Una se olvida de algo por dos ¡dos!, dos veces, momento en el cual una decreta que lo que pasa es que una ha llegado a esa edad provecta en la cual una se olvida de todo: de adónde dejó los anteojos, de lo que tenía que comprar en el supermercado, de pagar el gas, de llamar a la consuegra que hoy cumple años, de pedir hora para el dentista, y de varias diligencias más de las cuales también ya se ha olvidado. En ese deplorable momento una decide que la amnesia total es inevitable y que la semana que viene ya se habrá olvidado de cosas como su estado civil (“viuda feliz”, dice una amiga cada vez que en una oficina le preguntan eso del estado civil), la propia dirección postal, los nombres de los nietos y la fecha para pagar el crédito que le dieron hace años ya en la tienda del barrio y a sola firma porque la conocen desde siempre.
Y además concluye que siendo la situación inevitable puesto que no se sabe aun de calendarios que hayan retrocedido, de ahora en adelante va a tener que depender de algún lazarillo a mano, de esos que hay en todas las familias, todos los barrios, todas las ciudades países continentes, en fin, todo el universo, para poder seguir viviendo. Es un momento atroz, paliado solamente por el ánimo que le dan a una las amigas cuando le dicen no te preocupés, a mí me pasó lo mismo pero me las arreglé bien en cuanto me acostumbré, vas a ver que no es tan terrible. No me vengan con esas: es terrible.
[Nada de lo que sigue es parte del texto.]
lemma face_map_drop_vertex:
  assumes "v \<notin> \<alpha> ` {..p}" "i \<le> p"
  shows "face_map v (drop_vertex v \<alpha> i) = \<alpha> i"
proof -
  have "\<alpha> i \<noteq> v" using assms by auto
  then show ?thesis unfolding face_map_def drop_vertex_def by auto
qed

lemma card_image_drop_vertex:
  assumes "v \<notin> \<alpha> ` {..p}"
  shows "card (drop_vertex v \<alpha> ` {..p}) = card (\<alpha> ` {..p})"
proof -
  have "\<alpha> ` {..p} = face_map v ` drop_vertex v \<alpha> ` {..p}"
    using face_map_drop_vertex[OF assms] by (auto simp: image_image)
  moreover have "inj (face_map v)"
    unfolding face_map_def inj_def by auto
  ultimately show ?thesis
    by (simp add: card_image inj_on_subset)
qed

lemma act_through_face:
  assumes X: "simplicial_set X" and \<alpha>: "mono_map p (Suc M) \<alpha>"
    and v: "v \<le> Suc M" "v \<notin> \<alpha> ` {..p}" and y: "y \<in> Simp X (Suc M)"
  shows "Act X (Suc M) p \<alpha> y = Act X M p (drop_vertex v \<alpha>) (face X M v y)"
proof -
  have \<alpha>': "mono_map p M (drop_vertex v \<alpha>)"
    by (rule mono_map_drop_vertex[OF \<alpha> v])
  have "Act X M p (drop_vertex v \<alpha>) (face X M v y) = Act X (Suc M) p (face_map v \<circ> drop_vertex v \<alpha>) y"
    unfolding face_def by (rule act_act[OF X mono_map_face_map \<alpha>' y])
  also have "\<dots> = Act X (Suc M) p \<alpha> y"
    by (rule act_cong[OF X mono_map_comp[OF mono_map_face_map \<alpha>'] _ y])
      (simp add: face_map_drop_vertex[OF v(2)])
  finally show ?thesis by simp
qed

lemma exists_vertex_not_in_image:
  fixes \<alpha> :: "nat \<Rightarrow> nat"
  assumes "card (\<alpha> ` {..p}) \<le> n" and "n \<le> N" and "n < N \<or> N < k"
  shows "\<exists>v\<le>N. v \<noteq> k \<and> v \<notin> \<alpha> ` {..p}"
proof (rule ccontr)
  assume "\<not> ?thesis"
  then have "{..N} - {k} \<subseteq> \<alpha> ` {..p}" by auto
  then have "card ({..N} - {k}) \<le> card (\<alpha> ` {..p})"
    by (intro card_mono) auto
  moreover have "card ({..N} - {k}) = (if k \<le> N then N else Suc N)"
    by auto
  ultimately show False
    using assms by (auto split: if_splits)
qed

lemma card_image_le_if_vertex_missed:
  assumes "mono_map p N \<alpha>" "v \<le> N" "v \<notin> \<alpha> ` {..p}"
  shows "card (\<alpha> ` {..p}) \<le> N"
proof -
  have "\<alpha> ` {..p} \<subseteq> {..N} - {v}"
    using assms unfolding mono_map_def by auto
  then have "card (\<alpha> ` {..p}) \<le> card ({..N} - {v})"
    by (intro card_mono) auto
  then show ?thesis
    using assms(2) by simp
qed

section \<open>Standard simplices\<close>

lemma mono_map_dact: "mono_map p N \<alpha> \<Longrightarrow> mono_map q p \<beta> \<Longrightarrow> mono_map q N (dact p q \<beta> \<alpha>)"
  unfolding mono_map_def dact_def by auto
Claro que en medio de la tragedia una recuerda (vagamente) que todos los nubarrones tienen una orla luminosa, como dicen los yanquis, pero en inglés, ellos que son tan prácticos y tienen recetas para todo y especialmente en las películas aptas para todo público. Por suerte el consuelo llega rápidamente, no sé si en todos los casos pero en este seguro que sí, y una se dice que si tanta gente (padres, abuelos, padrinos, propios y ajenos) pudo arreglárselas para seguir viviendo, yendo al cine, leyendo el diario, haciendo las compras del día o de la semana, guardando los suéteres en el estante correspondiente del ropero, etcétera, una también puede arribar a buen puerto y saber, por lo menos en el momento y tal vez incluso con suerte en los años venideros, dónde guardó la póliza del seguro del auto y cuándo tiene que ponerse la segunda dosis de la vacuna antigripal. Y además “anotá todo m’hijita, que si no una se olvida”, aunque después una justamente se olvida de dónde dejó las anotaciones en las que constaba todo eso de lo que no debía olvidarse.
¿Qué se puede hacer? Posiblemente nada. O por lo menos eso es lo que le dice a una el primo segundo del marido, que es neurólogo. Pero maldito sea, tiene una ganas de decirle, ¿tantos años estudiaste y resulta que fue para decirme que no sabés nada? Andá, chanta. Eso cuando una tiene confianza con el tipo que al fin y al cabo no es de la familia directa de una sino de la política; familia, digo. Y sin embargo hay gentes optimistas y emprendedoras que sostienen que se puede y que por qué no te anotás en uno de esos grupos de recuperación y conservación de la memoria. Cosa a la que una se resiste porque ¿cómo va a ir una a esas reuniones de viejas y viejos más decrépitos, mucho pero mucho más decrépitos, que una y al comprobar la decadencia de esos pobres tipos, verse invadida por el terror de llegar a ser como ellos, eh? No, nunca, jamais, never, nevermore como dijo el cuervo en el poema famoso del bardo famoso.
No sé qué pasa después porque, le aseguro, estimado señor, que no he llegado aún a esos extremos de decrepitud y olvido. Bueno, dicen que la bendición de la memoria es el olvido y sospecho que tienen razón aunque no autor (esas frases sabias que todo el mundo repite no suelen tener autor) porque debe ser terrible no poder olvidar las penitencias en la infancia, las desdichas en la adolescencia, las vacilaciones en el umbral de la edad adulta, las responsabilidades durante el ejercicio del puesto que a cada quien le toca o que con mayor suerte cada quien elige a partir de todo eso, más la perspectiva de un futuro incierto… o peor, certísimo.
Y sin embargo, aunque seamos seres de final y olvido, también lo somos de palabra, de obra y de memoria. Hay un remedio, lo hay, querida señora, y consiste en vivir de acuerdo con una misma. Sí, por supuesto, para eso hace falta toda una vida de educación y arduo trabajo, de recuerdos y de olvido. A no aflojar, estimado señor, se puede; se puede, como dicen los maestros de yoga o de esgrima o de diversos catecismos. A no aflojar que a la vuelta de la esquina nos esperan el sol del veinticinco, la luna del arrabal, Miss Mundo y mi abuela tejiendo escarpines para las noches de invierno. A no arrugar y a arremangarse que está todo por hacerse, yo sé lo que le digo.